_WHAT TO PRODUCE_:
Filter the listing below, keeping every line that holds "mathbb".
◆ ◆ ◆ ◆
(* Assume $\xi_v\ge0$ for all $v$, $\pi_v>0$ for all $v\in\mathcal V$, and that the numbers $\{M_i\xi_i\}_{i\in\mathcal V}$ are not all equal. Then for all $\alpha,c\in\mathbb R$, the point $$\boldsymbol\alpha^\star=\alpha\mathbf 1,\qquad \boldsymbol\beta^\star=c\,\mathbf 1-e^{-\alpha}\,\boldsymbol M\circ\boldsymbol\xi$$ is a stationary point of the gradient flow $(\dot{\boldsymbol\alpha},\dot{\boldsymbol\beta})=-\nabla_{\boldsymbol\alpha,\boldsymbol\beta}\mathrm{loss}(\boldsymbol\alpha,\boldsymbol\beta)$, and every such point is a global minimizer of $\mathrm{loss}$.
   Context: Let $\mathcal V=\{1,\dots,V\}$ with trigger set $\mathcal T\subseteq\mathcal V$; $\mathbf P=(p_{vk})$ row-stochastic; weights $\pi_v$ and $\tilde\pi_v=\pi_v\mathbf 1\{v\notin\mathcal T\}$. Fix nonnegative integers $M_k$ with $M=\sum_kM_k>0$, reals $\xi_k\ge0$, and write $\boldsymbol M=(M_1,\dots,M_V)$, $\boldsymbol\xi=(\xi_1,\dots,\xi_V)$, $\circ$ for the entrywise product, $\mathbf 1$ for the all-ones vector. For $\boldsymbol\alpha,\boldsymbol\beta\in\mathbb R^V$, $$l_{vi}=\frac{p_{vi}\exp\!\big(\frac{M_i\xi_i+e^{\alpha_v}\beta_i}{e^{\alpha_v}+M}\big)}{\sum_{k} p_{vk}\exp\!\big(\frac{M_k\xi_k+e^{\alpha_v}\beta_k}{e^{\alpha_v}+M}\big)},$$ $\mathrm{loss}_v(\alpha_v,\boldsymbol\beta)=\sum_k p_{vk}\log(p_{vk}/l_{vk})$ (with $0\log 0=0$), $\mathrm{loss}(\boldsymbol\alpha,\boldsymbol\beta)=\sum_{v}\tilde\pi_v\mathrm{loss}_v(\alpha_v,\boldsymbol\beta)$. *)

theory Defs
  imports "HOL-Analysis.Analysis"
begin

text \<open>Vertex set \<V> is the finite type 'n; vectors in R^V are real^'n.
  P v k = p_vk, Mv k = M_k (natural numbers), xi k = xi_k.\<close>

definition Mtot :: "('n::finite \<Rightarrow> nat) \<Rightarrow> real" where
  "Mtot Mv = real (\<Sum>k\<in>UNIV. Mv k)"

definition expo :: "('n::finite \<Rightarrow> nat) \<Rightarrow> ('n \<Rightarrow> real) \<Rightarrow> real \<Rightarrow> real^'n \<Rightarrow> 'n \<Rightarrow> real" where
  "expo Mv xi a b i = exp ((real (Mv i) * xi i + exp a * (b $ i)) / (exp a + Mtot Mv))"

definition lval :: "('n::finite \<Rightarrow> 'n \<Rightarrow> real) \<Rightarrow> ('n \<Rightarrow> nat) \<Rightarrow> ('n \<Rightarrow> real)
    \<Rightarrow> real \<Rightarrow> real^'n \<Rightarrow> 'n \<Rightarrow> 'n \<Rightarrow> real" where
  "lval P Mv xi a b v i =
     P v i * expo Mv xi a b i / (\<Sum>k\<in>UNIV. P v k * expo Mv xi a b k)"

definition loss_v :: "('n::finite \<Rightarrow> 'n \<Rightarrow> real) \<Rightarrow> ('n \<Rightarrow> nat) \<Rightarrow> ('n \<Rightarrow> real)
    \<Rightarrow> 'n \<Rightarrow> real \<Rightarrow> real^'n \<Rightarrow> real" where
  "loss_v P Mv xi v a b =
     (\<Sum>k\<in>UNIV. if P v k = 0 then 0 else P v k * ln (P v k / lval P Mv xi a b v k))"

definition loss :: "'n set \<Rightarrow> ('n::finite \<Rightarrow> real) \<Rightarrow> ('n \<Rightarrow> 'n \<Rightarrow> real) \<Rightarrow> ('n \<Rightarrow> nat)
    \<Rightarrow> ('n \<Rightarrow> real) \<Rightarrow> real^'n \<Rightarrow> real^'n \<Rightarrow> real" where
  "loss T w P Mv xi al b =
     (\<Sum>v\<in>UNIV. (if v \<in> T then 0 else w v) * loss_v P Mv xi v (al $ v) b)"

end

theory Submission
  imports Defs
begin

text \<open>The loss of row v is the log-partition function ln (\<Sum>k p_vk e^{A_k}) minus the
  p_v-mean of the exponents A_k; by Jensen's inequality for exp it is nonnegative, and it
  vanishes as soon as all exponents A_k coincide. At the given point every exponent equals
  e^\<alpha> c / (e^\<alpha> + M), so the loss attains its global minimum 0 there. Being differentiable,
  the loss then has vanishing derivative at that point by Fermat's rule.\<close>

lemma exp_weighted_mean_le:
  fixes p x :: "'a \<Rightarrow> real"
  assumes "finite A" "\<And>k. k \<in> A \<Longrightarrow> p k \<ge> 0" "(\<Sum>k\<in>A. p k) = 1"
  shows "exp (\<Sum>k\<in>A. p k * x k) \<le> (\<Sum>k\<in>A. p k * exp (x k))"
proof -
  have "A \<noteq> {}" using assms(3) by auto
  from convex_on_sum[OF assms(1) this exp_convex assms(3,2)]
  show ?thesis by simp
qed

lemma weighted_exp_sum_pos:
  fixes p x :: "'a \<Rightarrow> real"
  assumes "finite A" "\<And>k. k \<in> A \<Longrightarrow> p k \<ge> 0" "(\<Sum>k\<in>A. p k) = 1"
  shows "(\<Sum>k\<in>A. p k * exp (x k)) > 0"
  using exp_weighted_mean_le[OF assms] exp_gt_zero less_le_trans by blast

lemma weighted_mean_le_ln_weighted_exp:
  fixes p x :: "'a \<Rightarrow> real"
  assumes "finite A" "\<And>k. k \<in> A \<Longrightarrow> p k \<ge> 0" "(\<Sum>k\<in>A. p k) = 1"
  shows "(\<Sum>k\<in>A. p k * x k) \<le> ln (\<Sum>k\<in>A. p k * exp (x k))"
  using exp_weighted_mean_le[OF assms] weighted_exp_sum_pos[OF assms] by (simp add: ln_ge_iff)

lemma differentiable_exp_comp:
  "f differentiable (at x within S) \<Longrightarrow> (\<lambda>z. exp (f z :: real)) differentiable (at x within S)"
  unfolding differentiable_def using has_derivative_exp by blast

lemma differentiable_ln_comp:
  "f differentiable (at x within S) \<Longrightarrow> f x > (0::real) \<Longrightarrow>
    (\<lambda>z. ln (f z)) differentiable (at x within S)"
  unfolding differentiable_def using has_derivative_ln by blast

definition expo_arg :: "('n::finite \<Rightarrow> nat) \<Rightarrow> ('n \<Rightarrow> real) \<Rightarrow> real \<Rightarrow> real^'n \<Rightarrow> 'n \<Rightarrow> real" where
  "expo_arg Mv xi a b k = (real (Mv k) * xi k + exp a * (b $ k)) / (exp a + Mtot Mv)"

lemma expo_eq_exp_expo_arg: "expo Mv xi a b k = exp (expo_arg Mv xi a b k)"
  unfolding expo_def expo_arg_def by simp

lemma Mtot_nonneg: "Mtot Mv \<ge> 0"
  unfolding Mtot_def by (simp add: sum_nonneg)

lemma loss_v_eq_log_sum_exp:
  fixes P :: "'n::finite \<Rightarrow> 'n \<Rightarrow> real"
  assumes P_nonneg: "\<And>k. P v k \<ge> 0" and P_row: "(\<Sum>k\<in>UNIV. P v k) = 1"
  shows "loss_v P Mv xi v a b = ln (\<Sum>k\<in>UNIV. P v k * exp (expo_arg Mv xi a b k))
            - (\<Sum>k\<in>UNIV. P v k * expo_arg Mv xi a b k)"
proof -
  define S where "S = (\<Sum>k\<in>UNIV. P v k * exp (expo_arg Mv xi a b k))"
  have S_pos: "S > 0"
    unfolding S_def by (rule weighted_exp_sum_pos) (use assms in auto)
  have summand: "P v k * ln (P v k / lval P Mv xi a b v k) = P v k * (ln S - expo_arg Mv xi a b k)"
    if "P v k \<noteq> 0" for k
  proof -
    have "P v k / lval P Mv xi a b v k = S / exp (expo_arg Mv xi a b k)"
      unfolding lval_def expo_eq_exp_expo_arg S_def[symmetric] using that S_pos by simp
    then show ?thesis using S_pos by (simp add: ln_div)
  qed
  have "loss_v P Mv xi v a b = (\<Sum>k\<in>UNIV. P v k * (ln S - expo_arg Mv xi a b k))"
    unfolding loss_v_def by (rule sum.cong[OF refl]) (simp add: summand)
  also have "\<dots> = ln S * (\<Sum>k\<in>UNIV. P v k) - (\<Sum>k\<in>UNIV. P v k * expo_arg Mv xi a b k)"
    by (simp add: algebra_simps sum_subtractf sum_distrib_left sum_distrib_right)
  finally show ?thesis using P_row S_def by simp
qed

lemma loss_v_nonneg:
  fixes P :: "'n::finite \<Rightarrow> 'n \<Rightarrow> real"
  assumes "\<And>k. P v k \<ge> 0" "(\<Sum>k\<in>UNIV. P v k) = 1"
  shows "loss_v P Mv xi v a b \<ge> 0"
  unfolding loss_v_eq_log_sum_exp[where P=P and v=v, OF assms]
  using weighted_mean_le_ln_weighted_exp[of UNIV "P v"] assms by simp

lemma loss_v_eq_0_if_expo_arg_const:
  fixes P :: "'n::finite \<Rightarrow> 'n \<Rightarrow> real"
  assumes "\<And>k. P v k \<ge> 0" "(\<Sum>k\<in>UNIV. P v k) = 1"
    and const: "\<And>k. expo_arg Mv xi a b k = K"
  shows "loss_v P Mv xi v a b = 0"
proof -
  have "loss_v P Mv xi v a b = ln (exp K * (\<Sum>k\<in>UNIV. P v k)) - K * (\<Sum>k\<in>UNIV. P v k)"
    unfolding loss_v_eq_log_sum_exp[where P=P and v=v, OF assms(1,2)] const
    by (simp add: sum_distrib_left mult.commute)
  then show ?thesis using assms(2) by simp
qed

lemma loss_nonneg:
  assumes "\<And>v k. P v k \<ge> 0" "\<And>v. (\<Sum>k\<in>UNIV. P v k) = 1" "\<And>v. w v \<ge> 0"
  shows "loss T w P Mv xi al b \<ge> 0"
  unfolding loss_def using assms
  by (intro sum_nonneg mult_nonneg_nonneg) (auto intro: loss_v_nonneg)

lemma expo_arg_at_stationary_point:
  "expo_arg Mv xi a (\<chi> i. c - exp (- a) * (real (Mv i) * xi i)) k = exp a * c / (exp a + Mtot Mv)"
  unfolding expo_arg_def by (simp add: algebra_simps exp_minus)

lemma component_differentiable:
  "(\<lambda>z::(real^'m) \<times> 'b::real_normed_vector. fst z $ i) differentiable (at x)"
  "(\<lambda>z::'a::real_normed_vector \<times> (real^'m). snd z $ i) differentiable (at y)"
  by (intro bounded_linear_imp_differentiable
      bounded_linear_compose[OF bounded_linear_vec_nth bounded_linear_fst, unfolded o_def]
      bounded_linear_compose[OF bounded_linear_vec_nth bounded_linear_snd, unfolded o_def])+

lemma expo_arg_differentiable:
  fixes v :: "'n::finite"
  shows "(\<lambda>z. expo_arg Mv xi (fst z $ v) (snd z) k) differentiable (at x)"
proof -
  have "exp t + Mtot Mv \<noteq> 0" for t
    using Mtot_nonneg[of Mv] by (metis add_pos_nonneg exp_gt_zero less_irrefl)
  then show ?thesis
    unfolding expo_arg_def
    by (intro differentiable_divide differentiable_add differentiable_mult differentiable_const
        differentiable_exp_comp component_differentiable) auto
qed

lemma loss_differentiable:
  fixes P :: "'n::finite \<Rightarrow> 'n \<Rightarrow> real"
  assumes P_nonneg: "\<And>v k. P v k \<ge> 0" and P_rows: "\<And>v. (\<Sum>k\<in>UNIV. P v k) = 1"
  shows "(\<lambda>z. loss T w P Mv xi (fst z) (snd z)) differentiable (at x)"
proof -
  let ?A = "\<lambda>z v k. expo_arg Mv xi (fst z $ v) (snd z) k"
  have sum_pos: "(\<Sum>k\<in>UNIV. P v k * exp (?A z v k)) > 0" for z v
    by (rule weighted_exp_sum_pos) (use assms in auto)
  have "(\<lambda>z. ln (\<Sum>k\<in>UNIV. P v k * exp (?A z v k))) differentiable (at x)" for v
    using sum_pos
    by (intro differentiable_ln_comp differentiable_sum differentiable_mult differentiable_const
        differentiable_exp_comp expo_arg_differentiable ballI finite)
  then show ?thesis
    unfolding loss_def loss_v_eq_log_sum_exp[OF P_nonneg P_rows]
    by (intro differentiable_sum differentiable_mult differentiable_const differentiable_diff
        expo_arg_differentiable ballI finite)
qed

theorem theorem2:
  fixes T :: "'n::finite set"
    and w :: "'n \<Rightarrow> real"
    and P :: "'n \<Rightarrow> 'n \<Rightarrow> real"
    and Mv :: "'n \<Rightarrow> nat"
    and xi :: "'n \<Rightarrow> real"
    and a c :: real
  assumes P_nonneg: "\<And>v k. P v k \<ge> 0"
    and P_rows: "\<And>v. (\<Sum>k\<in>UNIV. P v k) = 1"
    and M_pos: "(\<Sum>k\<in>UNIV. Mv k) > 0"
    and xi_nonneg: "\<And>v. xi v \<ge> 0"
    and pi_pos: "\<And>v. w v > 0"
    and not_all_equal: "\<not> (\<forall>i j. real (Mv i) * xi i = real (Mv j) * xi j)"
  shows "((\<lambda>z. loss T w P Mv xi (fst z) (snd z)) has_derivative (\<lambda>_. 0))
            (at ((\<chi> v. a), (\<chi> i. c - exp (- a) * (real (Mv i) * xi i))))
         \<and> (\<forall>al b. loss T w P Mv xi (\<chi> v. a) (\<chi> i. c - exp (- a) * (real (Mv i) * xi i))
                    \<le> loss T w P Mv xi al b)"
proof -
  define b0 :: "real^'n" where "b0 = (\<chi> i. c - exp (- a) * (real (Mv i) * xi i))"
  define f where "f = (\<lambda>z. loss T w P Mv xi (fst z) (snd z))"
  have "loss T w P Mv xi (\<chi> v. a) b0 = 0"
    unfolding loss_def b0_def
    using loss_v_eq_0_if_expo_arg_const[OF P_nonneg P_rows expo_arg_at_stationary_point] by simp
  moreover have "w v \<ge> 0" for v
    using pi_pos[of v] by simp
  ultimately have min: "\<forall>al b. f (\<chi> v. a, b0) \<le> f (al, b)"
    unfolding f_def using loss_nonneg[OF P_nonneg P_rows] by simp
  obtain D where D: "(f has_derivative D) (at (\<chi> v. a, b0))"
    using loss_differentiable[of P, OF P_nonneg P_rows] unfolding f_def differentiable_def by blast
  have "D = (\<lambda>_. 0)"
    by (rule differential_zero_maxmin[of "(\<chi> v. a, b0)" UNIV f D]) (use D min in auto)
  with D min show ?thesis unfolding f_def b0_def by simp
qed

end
◆ ◆ ◆ ◆
_RESPONSE TO THE TASK_:
(* Assume $\xi_v\ge0$ for all $v$, $\pi_v>0$ for all $v\in\mathcal V$, and that the numbers $\{M_i\xi_i\}_{i\in\mathcal V}$ are not all equal. Then for all $\alpha,c\in\mathbb R$, the point $$\boldsymbol\alpha^\star=\alpha\mathbf 1,\qquad \boldsymbol\beta^\star=c\,\mathbf 1-e^{-\alpha}\,\boldsymbol M\circ\boldsymbol\xi$$ is a stationary point of the gradient flow $(\dot{\boldsymbol\alpha},\dot{\boldsymbol\beta})=-\nabla_{\boldsymbol\alpha,\boldsymbol\beta}\mathrm{loss}(\boldsymbol\alpha,\boldsymbol\beta)$, and every such point is a global minimizer of $\mathrm{loss}$.
   Context: Let $\mathcal V=\{1,\dots,V\}$ with trigger set $\mathcal T\subseteq\mathcal V$; $\mathbf P=(p_{vk})$ row-stochastic; weights $\pi_v$ and $\tilde\pi_v=\pi_v\mathbf 1\{v\notin\mathcal T\}$. Fix nonnegative integers $M_k$ with $M=\sum_kM_k>0$, reals $\xi_k\ge0$, and write $\boldsymbol M=(M_1,\dots,M_V)$, $\boldsymbol\xi=(\xi_1,\dots,\xi_V)$, $\circ$ for the entrywise product, $\mathbf 1$ for the all-ones vector. For $\boldsymbol\alpha,\boldsymbol\beta\in\mathbb R^V$, $$l_{vi}=\frac{p_{vi}\exp\!\big(\frac{M_i\xi_i+e^{\alpha_v}\beta_i}{e^{\alpha_v}+M}\big)}{\sum_{k} p_{vk}\exp\!\big(\frac{M_k\xi_k+e^{\alpha_v}\beta_k}{e^{\alpha_v}+M}\big)},$$ $\mathrm{loss}_v(\alpha_v,\boldsymbol\beta)=\sum_k p_{vk}\log(p_{vk}/l_{vk})$ (with $0\log 0=0$), $\mathrm{loss}(\boldsymbol\alpha,\boldsymbol\beta)=\sum_{v}\tilde\pi_v\mathrm{loss}_v(\alpha_v,\boldsymbol\beta)$. *)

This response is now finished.